It is one of the most popular computer based traffic noise measurement model and it is recommended by MoEF for EIA of highway projects. It provides options to calculate Leq(H) (Hourly A-Weighted Equivalent Sound Level), Ldn (Day-Night Average Sound Level) and Lden (Community Noise Equivalent Level, where " den" stands for day/evening/night). Leq(H) is used to describe the receivers cumulative noise exposure from all events over an hour period. It is widely used for measurement of non-residential landuse. It is expressed as:

$Leq\left( H \right) = 10log{_{10}}\left[{Total \; sound \; energy \; during \; one \; hour} \right] - 35.6$

(1)

where, the constant, 35.6 is subtracted to convert the sound index into a time average value. Ldn on the other hand, measures the cumulative noise exposure from all events over a full 24 hours, with events between 10 pm and 7pm, increased by 10 dB to account for greater sensitivity to noise during night time. It is appropriate for cumulative noise impact for residential landuse. It is expressed as:

$Ldn = 10log{_{10}}\left[{Total \; sound \; level \; during \; 24 \; hours} \right] - 49.4$

(2)

where, 49.4 is subtracted from the index to convert it into a time average like value.

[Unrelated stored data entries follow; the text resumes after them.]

lemma Hfun_lower_bound:
  fixes A :: "real^'n::finite^'n"
  assumes card: "CARD('n) \<ge> 2" and "0 \<le> \<alpha>" and nn: "\<forall>i j. 0 \<le> A$i$j"
    and pos: "\<forall>i j. i \<noteq> j \<longrightarrow> A$i$j > 0"
  obtains h where "h > 0" "\<And>p. p \<in> Delta A \<Longrightarrow> h \<le> Hfun A \<alpha> p"
proof -
  define d where "d = 1 / (4 * real CARD('n))"
  define S where "S = {A$k$j | k j. A$k$j > 0}"
  have "finite S"
    by (rule finite_subset[of _ "range (\<lambda>(k, j). A$k$j)"]) (auto simp: S_def)
  obtain k j :: 'n where "j \<noteq> k"
    using card card_le_Suc0_iff_eq[of "UNIV :: 'n set"] by auto
  with pos have "A$k$j > 0" by auto
  then have "A$k$j \<in> S" unfolding S_def by blast
  then have Smin: "Min S \<in> S" "\<And>a. a \<in> S \<Longrightarrow> Min S \<le> a"
    using \<open>finite S\<close> by (auto intro: Min_in)
  then have "Min S > 0" by (auto simp: S_def)
  show ?thesis
  proof (rule that[of "Min S * d powr \<alpha> * d powr \<alpha>"])
    show "0 < Min S * d powr \<alpha> * d powr \<alpha>" using \<open>Min S > 0\<close> by (simp add: d_def)
    fix p assume "p \<in> Delta A"
    then obtain k j where kj: "A$k$j > 0" "d \<le> p$k" "d \<le> p$j"
      using Delta_exists_heavy_pair[OF card nn pos] unfolding d_def by metis
    have "d powr \<alpha> \<le> p$k powr \<alpha>" "d powr \<alpha> \<le> p$j powr \<alpha>"
      using kj \<open>0 \<le> \<alpha>\<close> by (auto simp: d_def intro!: powr_mono2)
    moreover have "Min S \<le> A$k$j" using kj Smin(2) by (auto simp: S_def)
    ultimately have "Min S * d powr \<alpha> * d powr \<alpha> \<le> A$k$j * p$k powr \<alpha> * p$j powr \<alpha>"
      using \<open>Min S > 0\<close> by (intro mult_mono) auto
    also have "\<dots> \<le> Hfun A \<alpha> p" by (rule Hfun_ge_term[OF nn])
    finally show "Min S * d powr \<alpha> * d powr \<alpha> \<le> Hfun A \<alpha> p" .
  qed
qed

lemma pifun_nonneg:
  assumes "\<forall>i j. 0 \<le> A$i$j"
  shows "0 \<le> pifun A \<alpha> p $ i"
  using assms unfolding pifun_component Hfun_def
  by (auto intro!: divide_nonneg_nonneg mult_nonneg_nonneg sum_nonneg)

lemma pifun_le_half_if_zero_diagonal:
  fixes A :: "real^'n::finite^'n"
  assumes nn: "\<forall>i j. 0 \<le> A$i$j" and sym: "\<forall>i j. A$i$j = A$j$i" and zero: "A$i$i = 0"
  shows "pifun A \<alpha> p $ i \<le> 1/2"
proof -
  define y where "y j = p$j powr \<alpha>" for j
  define T where "T = y i * (\<Sum>j\<in>UNIV. A$i$j * y j)"
  have y: "0 \<le> y j" for j by (simp add: y_def)
  have T: "0 \<le> T" using nn y by (auto simp: T_def intro!: sum_nonneg mult_nonneg_nonneg)
  have "Hfun A \<alpha> p = (\<Sum>j\<in>UNIV. A$i$j * y i * y j) + (\<Sum>k\<in>UNIV-{i}. \<Sum>j\<in>UNIV. A$k$j * y k * y j)"
    by (simp add: Hfun_def y_def sum.remove)
  also have "(\<Sum>j\<in>UNIV. A$i$j * y i * y j) = T"
    by (simp add: T_def sum_distrib_left algebra_simps)
  also have "(\<Sum>k\<in>UNIV-{i}. A$k$i * y k * y i) \<le> (\<Sum>k\<in>UNIV-{i}. \<Sum>j\<in>UNIV. A$k$j * y k * y j)"
    by (intro sum_mono member_le_sum[where f = "\<lambda>j. A$_$j * y _ * y j"]) (use nn y in auto)
  moreover have "(\<Sum>k\<in>UNIV-{i}. A$k$i * y k * y i) = T"
    using sum.remove[of UNIV i "\<lambda>k. A$k$i * y k * y i"] zero sym
    by (simp add: T_def sum_distrib_left algebra_simps)
  ultimately have H: "2 * T \<le> Hfun A \<alpha> p" by simp
  have "pifun A \<alpha> p $ i = T / Hfun A \<alpha> p"
    by (simp add: pifun_component T_def y_def)
  also have "\<dots> \<le> 1/2"
    using H T by (cases "Hfun A \<alpha> p = 0") (auto simp: divide_simps)
  finally show ?thesis .
qed

lemma pifun_le_linear:
  fixes A :: "real^'n::finite^'n"
  assumes "1 \<le> \<alpha>" and nn: "\<forall>i j. 0 \<le> A$i$j" and p: "\<And>j. 0 \<le> p$j \<and> p$j \<le> 1"
    and h: "0 < h" "h \<le> Hfun A \<alpha> p"
  shows "pifun A \<alpha> p $ i \<le> (\<Sum>j\<in>UNIV. A$i$j) / h * p$i"
proof -
  define y where "y j = p$j powr \<alpha>" for j
  define S where "S = (\<Sum>j\<in>UNIV. A$i$j * y j)"
  have y: "0 \<le> y j" "y j \<le> 1" for j
    using p[of j] \<open>1 \<le> \<alpha>\<close> by (auto simp: y_def intro: powr_le1)
  have "p$i powr \<alpha> \<le> p$i powr 1"
    using p[of i] \<open>1 \<le> \<alpha>\<close> by (intro powr_mono') auto
  then have yi: "y i \<le> p$i" using p[of i] by (simp add: y_def)
  have S: "0 \<le> S" "S \<le> (\<Sum>j\<in>UNIV. A$i$j)"
    unfolding S_def using nn y by (auto intro!: sum_nonneg) (auto intro!: sum_mono mult_left_le)
  have "pifun A \<alpha> p $ i = y i * S / Hfun A \<alpha> p"
    by (simp add: pifun_component S_def y_def)
  also have "\<dots> \<le> y i * S / h"
    using h y S by (intro divide_left_mono) auto
  also have "\<dots> \<le> p$i * (\<Sum>j\<in>UNIV. A$i$j) / h"
    using h y yi S p[of i] by (intro divide_right_mono mult_mono) auto
  finally show ?thesis by (simp add: mult.commute)
qed

definition Ffield_trajectory :: "real^'n^'n \<Rightarrow> real \<Rightarrow> (real \<Rightarrow> real^'n) \<Rightarrow> bool" where
  "Ffield_trajectory A \<alpha> x \<longleftrightarrow>
    (\<forall>s. x s \<in> T_Delta 1 \<and> (x has_vector_derivative Ffield A \<alpha> (x s)) (at s))"

lemma is_flow_trajectory:
  assumes "is_flow A \<alpha> \<Phi>" "v \<in> T_Delta 1"
  shows "Ffield_trajectory A \<alpha> (\<lambda>s. \<Phi> s v)" "\<Phi> 0 v = v"
  using assms by (auto simp: is_flow_def Ffield_trajectory_def)

lemma Ffield_trajectory_component:
  assumes "Ffield_trajectory A \<alpha> x"
  shows "((\<lambda>s. x s $ i) has_real_derivative - x s $ i + pifun A \<alpha> (proj_Delta A (x s)) $ i) (at s)"
proof -
  have "(x has_vector_derivative Ffield A \<alpha> (x s)) (at s)"
    using assms by (simp add: Ffield_trajectory_def)
  from bounded_linear.has_vector_derivative[OF bounded_linear_vec_nth this]
  show ?thesis by (simp add: has_real_derivative_iff_has_vector_derivative Ffield_def)
qed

Leq(H) and Ldn covers the noise impacts on the ecological and community aspects of the highway broadening. These noise indices depend upon the number of transit event, loudness and duration of noise exposure to the receivers ^[52]. TNM algorithm performs a series of adjustments to the basic noise level called Reference Sound Level of a stream of vehicles by considering a number of factors, described in Equation (3) and Equation (4):

$Leq = {L_0} + \Delta {L_i}$

(3)

and,

$\Delta {L_i} = {A_{VS}} + {A_D} + {A_B} + {A_F} + {A_G} + {A_S}$

(4)

where, Leq: hourly equivalent sound level; L₀: reference energy mean emission level; A_VS: volume and speed correction; A_D: distance correction; A_B: barrier correction; A_F: flow correction; A_G: gradient correction; A_S: ground cover correction. The total Leq(H) is given by Equation 3:

$Total \; Leq = 10log\sum\nolimits_{i = 1}^n {{{10}^{Leq\left( i \right)}}}$

(5)

where, Leq(i) is the Leq(H) of i-th vehicle type and n is the total number of types of vehicles. The vehicle types accepted by TNM are automobiles, medium trucks, heavy trucks, buses and motorcycles ^[5,22,53,54].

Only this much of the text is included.